Bendis does actually accomplish a lot of these things. The cast here is somewhat limited, and includes characters that should be familiar to anyone who’s seen at least a couple of the X-Men movies. He effectively demonstrates that mutants are powering up, and he shows that figures of authority will have a tendency to react badly to that powering up, no matter how benign those powers might be. And he even does a decent job setting up why Cyclops is doing what he’s doing for the odd reader who didn’t pick up Avengers Vs. X-Men, and who maybe only knows the character from the X-Men movies (then again, anyone who only knows Cyclops from the movies will probably be more surprised that Cyclops is, you know, doing anything).

But the biggest problem that I felt this book faces is in its base conceit of bringing the teenaged X-Men forward in time.
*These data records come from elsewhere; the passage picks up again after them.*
lemma ds_run_iterates:
  assumes run: "ds_run f \<Omega> \<alpha>max \<sigma> \<gamma>dec \<gamma>inc x \<alpha> D"
  shows "x j \<in> \<Omega> \<and> \<alpha> j > 0"
proof (induction j)
  case 0
  then show ?case using run by (simp add: ds_run_def)
next
  case (Suc j)
  have params: "\<alpha>max > 0" "\<gamma>dec > 0" "\<gamma>inc > 1" using run by (simp_all add: ds_run_def)
  show ?case
  proof (cases "succ_cond f \<Omega> \<sigma> (x j) (\<alpha> j) (D j)")
    case True
    then have "\<exists>d\<in>D j. x j + d \<in> \<Omega> \<and> x (Suc j) = x j + d"
      and "\<alpha> (Suc j) = min (\<gamma>inc * \<alpha> j) \<alpha>max"
      using run unfolding ds_run_def by (metis (lifting))+
    then show ?thesis using Suc params by auto
  next
    case False
    then have "x (Suc j) = x j" and "\<alpha> (Suc j) = \<gamma>dec * \<alpha> j"
      using run unfolding ds_run_def by (metis (lifting))+
    then show ?thesis using Suc params by simp
  qed
qed

lemma crit_measure_attained:
  fixes g :: "'a::euclidean_space \<Rightarrow> 'a"
  assumes "closed \<Omega>" "y \<in> \<Omega>"
  obtains v where "y + v \<in> \<Omega>" "norm v \<le> 1" "g y \<bullet> v = - crit_measure g \<Omega> y"
proof -
  define K where "K = {v. y + v \<in> \<Omega> \<and> norm v \<le> 1}"
  have "K = cball 0 1 \<inter> (\<lambda>v. y + v) -` \<Omega>" unfolding K_def by auto
  then have "compact K"
    using assms(1) by (auto intro!: compact_Int_closed continuous_closed_vimage continuous_intros)
  moreover have "0 \<in> K" using assms(2) unfolding K_def by auto
  moreover have "continuous_on K (\<lambda>v. g y \<bullet> v)" by (intro continuous_intros)
  ultimately obtain v where v: "v \<in> K" and v_min: "\<And>u. u \<in> K \<Longrightarrow> g y \<bullet> v \<le> g y \<bullet> u"
    using continuous_attains_inf[of K "\<lambda>v. g y \<bullet> v"] by blast
  have "Inf {g y \<bullet> u | u. y + u \<in> \<Omega> \<and> norm u \<le> 1} = g y \<bullet> v"
    by (rule cInf_eq_minimum) (use v v_min in \<open>auto simp: K_def\<close>)
  moreover have "g y \<bullet> v \<le> 0" using v_min[OF \<open>0 \<in> K\<close>] by simp
  ultimately have "g y \<bullet> v = - crit_measure g \<Omega> y" unfolding crit_measure_def by simp
  with v show thesis using that unfolding K_def by blast
qed

lemma nonneg_combination_descent_direction:
  fixes u :: "'a::real_inner"
  assumes "finite D" "\<And>d. d \<in> D \<Longrightarrow> c d \<ge> 0" "(\<Sum>d\<in>D. c d) \<le> \<Lambda>"
    and "u \<bullet> (\<Sum>d\<in>D. c d *\<^sub>R d) \<le> - \<epsilon>" "\<epsilon> > 0"
  shows "\<exists>d\<in>D. u \<bullet> d \<le> - \<epsilon> / \<Lambda>"
proof -
  have "D \<noteq> {}" using assms(4,5) by auto
  then obtain d where d: "d \<in> D" and d_min: "\<And>d'. d' \<in> D \<Longrightarrow> u \<bullet> d \<le> u \<bullet> d'"
    using arg_min_if_finite(1) arg_min_least \<open>finite D\<close> by metis
  have "(u \<bullet> d) * (\<Sum>d\<in>D. c d) = (\<Sum>d'\<in>D. c d' * (u \<bullet> d))" by (simp add: sum_distrib_right mult.commute)
  also have "\<dots> \<le> (\<Sum>d'\<in>D. c d' * (u \<bullet> d'))" by (intro sum_mono mult_left_mono d_min assms(2))
  also have "\<dots> \<le> - \<epsilon>" using assms(4) by (simp add: inner_sum_right)
  finally have le: "(u \<bullet> d) * (\<Sum>d\<in>D. c d) \<le> - \<epsilon>" .
  have "(\<Sum>d\<in>D. c d) \<ge> 0" by (simp add: assms(2) sum_nonneg)
  moreover have "(\<Sum>d\<in>D. c d) \<noteq> 0" using le assms(5) by auto
  ultimately have sum_pos: "(\<Sum>d\<in>D. c d) > 0" by simp
  then have "\<Lambda> > 0" using assms(3) by simp
  have "(u \<bullet> d) * (\<Sum>d\<in>D. c d) < 0" using le assms(5) by simp
  then have "u \<bullet> d \<le> 0" using sum_pos by (simp add: mult_less_0_iff)
  then have "(u \<bullet> d) * \<Lambda> \<le> - \<epsilon>" using mult_left_mono_neg[OF assms(3)] le by fastforce
  then have "u \<bullet> d \<le> - \<epsilon> / \<Lambda>" using \<open>\<Lambda> > 0\<close> by (simp add: field_simps)
  with d show ?thesis ..
qed

lemma lambda_pss_descent_direction:
  fixes g :: "'a::euclidean_space \<Rightarrow> 'a"
  assumes pss: "lambda_pss \<Lambda> \<Omega> y \<alpha> D"
    and "convex \<Omega>" "closed \<Omega>" "y \<in> \<Omega>" "0 < \<alpha>" "\<alpha> \<le> 1"
    and "crit_measure g \<Omega> y \<noteq> 0"
  shows "\<exists>d\<in>D. g y \<bullet> d \<le> - \<alpha> * crit_measure g \<Omega> y / \<Lambda>"
proof -
  obtain v where v: "y + v \<in> \<Omega>" "norm v \<le> 1" "g y \<bullet> v = - crit_measure g \<Omega> y"
    using crit_measure_attained assms(3,4) by blast
  have "y + \<alpha> *\<^sub>R v = (1 - \<alpha>) *\<^sub>R y + \<alpha> *\<^sub>R (y + v)" by (simp add: algebra_simps)
  then have "y + \<alpha> *\<^sub>R v \<in> \<Omega>" using convexD[OF \<open>convex \<Omega>\<close> \<open>y \<in> \<Omega>\<close> v(1)] assms(5,6) by simp
  moreover have "norm (\<alpha> *\<^sub>R v) \<le> \<alpha>" using v(2) assms(5) by (simp add: mult_left_le)
  ultimately obtain c where c: "\<And>d. d \<in> D \<Longrightarrow> c d \<ge> 0" "\<alpha> *\<^sub>R v = (\<Sum>d\<in>D. c d *\<^sub>R d)"
      "(\<Sum>d\<in>D. c d) \<le> \<Lambda>" and "finite D"
    using pss unfolding lambda_pss_def by blast
  have "g y \<bullet> (\<Sum>d\<in>D. c d *\<^sub>R d) \<le> - (\<alpha> * crit_measure g \<Omega> y)"
    using v(3) by (simp flip: c(2))
  moreover have "\<alpha> * crit_measure g \<Omega> y > 0"
    using assms(5,7) unfolding crit_measure_def by simp
  ultimately show ?thesis
    using nonneg_combination_descent_direction[OF \<open>finite D\<close> c(1,3)] by simp
qed

lemma small_step_sufficient_decrease:
  fixes a \<pi> \<Lambda> L dmax \<sigma> :: real
  assumes "0 < a" "0 < \<Lambda>" "0 < L * dmax\<^sup>2 + \<sigma>"
    and "a < 2 * \<pi> / ((L * dmax\<^sup>2 + \<sigma>) * \<Lambda>)"
  shows "- a * \<pi> / \<Lambda> + L / 2 * (dmax * a)\<^sup>2 < - \<sigma> / 2 * a\<^sup>2"
proof -
  have "a * (L * dmax\<^sup>2 + \<sigma>) * \<Lambda> < 2 * \<pi>"
    using assms by (simp add: pos_less_divide_eq mult.assoc)
  then have "a * (a * (L * dmax\<^sup>2 + \<sigma>) * \<Lambda>) < a * (2 * \<pi>)"
    using assms(1) by simp
  then show ?thesis using assms(2) by (simp add: field_simps power2_eq_square)
qed

theorem lemma4p6:
  fixes f :: "'a::euclidean_space \<Rightarrow> real" and g :: "'a \<Rightarrow> 'a"
    and A :: "nat \<Rightarrow> 'a" and b :: "nat \<Rightarrow> real" and m :: nat and \<Omega> :: "'a set"
    and x :: "nat \<Rightarrow> 'a" and \<alpha> :: "nat \<Rightarrow> real" and D :: "nat \<Rightarrow> 'a set"
    and L flow \<Lambda> dmax \<alpha>max \<sigma> \<gamma>dec \<gamma>inc :: real and k :: nat
  assumes Omega: "\<Omega> = {y. \<forall>i<m. A i \<bullet> y \<le> b i}"
    and interior: "interior \<Omega> \<noteq> {}"
    and grad: "\<And>y. GDERIV f y :> g y"
    and grad_cont: "continuous_on UNIV g"
    and Lpos: "L > 0"
    and Lip: "\<And>y z. norm (g y - g z) \<le> L * norm (y - z)"
    and low: "\<And>y. y \<in> \<Omega> \<Longrightarrow> f y \<ge> flow"
    and run: "ds_run f \<Omega> \<alpha>max \<sigma> \<gamma>dec \<gamma>inc x \<alpha> D"
    and Lambda: "\<Lambda> > 0" and dmax: "dmax > 0"
    and poll: "\<And>j. lambda_pss \<Lambda> \<Omega> (x j) (\<alpha> j) (D j)"
    and bound: "\<And>j d. d \<in> D j \<Longrightarrow> norm d \<le> dmax * \<alpha> j"
    and crit: "crit_measure g \<Omega> (x k) \<noteq> 0"
    and small: "\<alpha> k < min (2 * crit_measure g \<Omega> (x k) / ((L * dmax\<^sup>2 + \<sigma>) * \<Lambda>)) 1"
  shows "succ_cond f \<Omega> \<sigma> (x k) (\<alpha> k) (D k)"
proof -
  define \<pi> where "\<pi> = crit_measure g \<Omega> (x k)"
  have xk: "x k \<in> \<Omega>" and \<alpha>_pos: "\<alpha> k > 0" using ds_run_iterates[OF run] by auto
  have "\<sigma> > 0" using run by (simp add: ds_run_def)
  then have curvature_pos: "0 < L * dmax\<^sup>2 + \<sigma>" using Lpos dmax by (intro add_pos_pos) auto
  have "\<alpha> k \<le> 1" using small by simp
  from lambda_pss_descent_direction[OF poll[of k] convex_polyhedron[of m A b, folded Omega]
      closed_polyhedron[of m A b, folded Omega] xk \<alpha>_pos this crit]
  obtain d where d: "d \<in> D k" and descent: "g (x k) \<bullet> d \<le> - \<alpha> k * \<pi> / \<Lambda>"
    unfolding \<pi>_def by blast
  have "(norm d)\<^sup>2 \<le> (dmax * \<alpha> k)\<^sup>2" using bound[OF d] by (intro power_mono) auto
  then have "L / 2 * (norm d)\<^sup>2 \<le> L / 2 * (dmax * \<alpha> k)\<^sup>2" using Lpos by simp
  then have "f (x k + d) \<le> f (x k) - \<alpha> k * \<pi> / \<Lambda> + L / 2 * (dmax * \<alpha> k)\<^sup>2"
    using lipschitz_gradient_upper_bound[OF grad Lip, of "x k" d] descent by linarith
  also have "\<dots> < f (x k) - \<sigma> / 2 * (\<alpha> k)\<^sup>2"
    using small_step_sufficient_decrease[OF \<alpha>_pos Lambda curvature_pos] small unfolding \<pi>_def by simp
  finally show ?thesis unfolding succ_cond_def using d poll[of k] unfolding lambda_pss_def by blast
qed

end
And that starts with: how the hell did Beast go back in time? He’s just suddenly in the past. Do The X-Men have a time machine? If they do, I’ve never heard of it… and having Beast just appear in the past was Goddamned confusing. Further, Beast is supposed to be one of the smartest X-Men. If he had a time machine, why didn’t he use it at the beginning of X-Men Vs. Avengers to go back to, say, 1982 and just push Jean out of Phoenix’s way in the first place? And frankly, if Cyclops is supposed to be less of a dick back at the beginning, why not just go back with an iPad and say, “Hi, Cyclops? I’m from the future. Look at the video on this device that is clearly from the future. See this footage of you being a cock and shooting up a police station? When the time comes? Don’t fucking do that. And oh yeah: buy Apple stock.”

But on the whole, this isn’t a dealbreaker, and I think even Bendis knows that the whole time travel gimmick is a little bit silly – having Teen Cyclops ask Present Beast, “Is it our kids?” is enough of a Back to The Future nod for me to believe that he’s asking readers to just sit back and enjoy a fun story. But what we seem to be setting up here is a new era for the X-Men… that immediately uses time travel to bring the past into the present. In short: my concern is that the opportunity to create a new beginning that is open to new readers is being instead used to immediately begin examining that continuity, right from the beginning. Done right – and Bendis is capable enough to do it right – it can be used as a primer to years of difficult continuity. Done wrong? We get issue upon issue of in-references to the past mixed with the present, and we wind up with yet another X-Men book that will be unreadable to anyone who doesn’t know what happened in 40 years of continuity.

A strong point of the issue is Stuart Immonen’s art. He is in fine normal form here, delivering highly-detailed line work, expressive faces and clear storytelling. He manages to show not only a Beast so detailed you can almost feel his pelt, but shows real terror on the faces of the new mutants who are being hunted by the authorities. It’s tough to objectively review art by a guy with such a distinctive style as Immonen’s, which I honestly have always been a fan of, but suffice it to say: if you already like his style? You’re gonna like the look of this book.

I’ve written a lot about All-New X-Men #1, and I really haven’t said whether or not I actually liked it. And the truth is: I’m just not sure. It accomplished the things that I felt it needed to, and it set up what will be very likely interesting character moments when Teen X-Men meet Adult X-Men, but it does it with a story conceit that even Bendis seems to recognize is faintly ridiculous. It is new reader friendly enough for non X-Men fans to be able to jump in, but it lays the groundwork for a potential morass of continuity references that could really lose people like me fast if not handled right. And frankly, I’m a little disappointed that Marvel has taken the opportunity of a completely new status quo for the X-Men to immediately start embracing their past… and that dense and difficult past was a large part of what kept me out of X-Men in the first place.

Plus, Cyclops is still a dick. Some continuity never changes.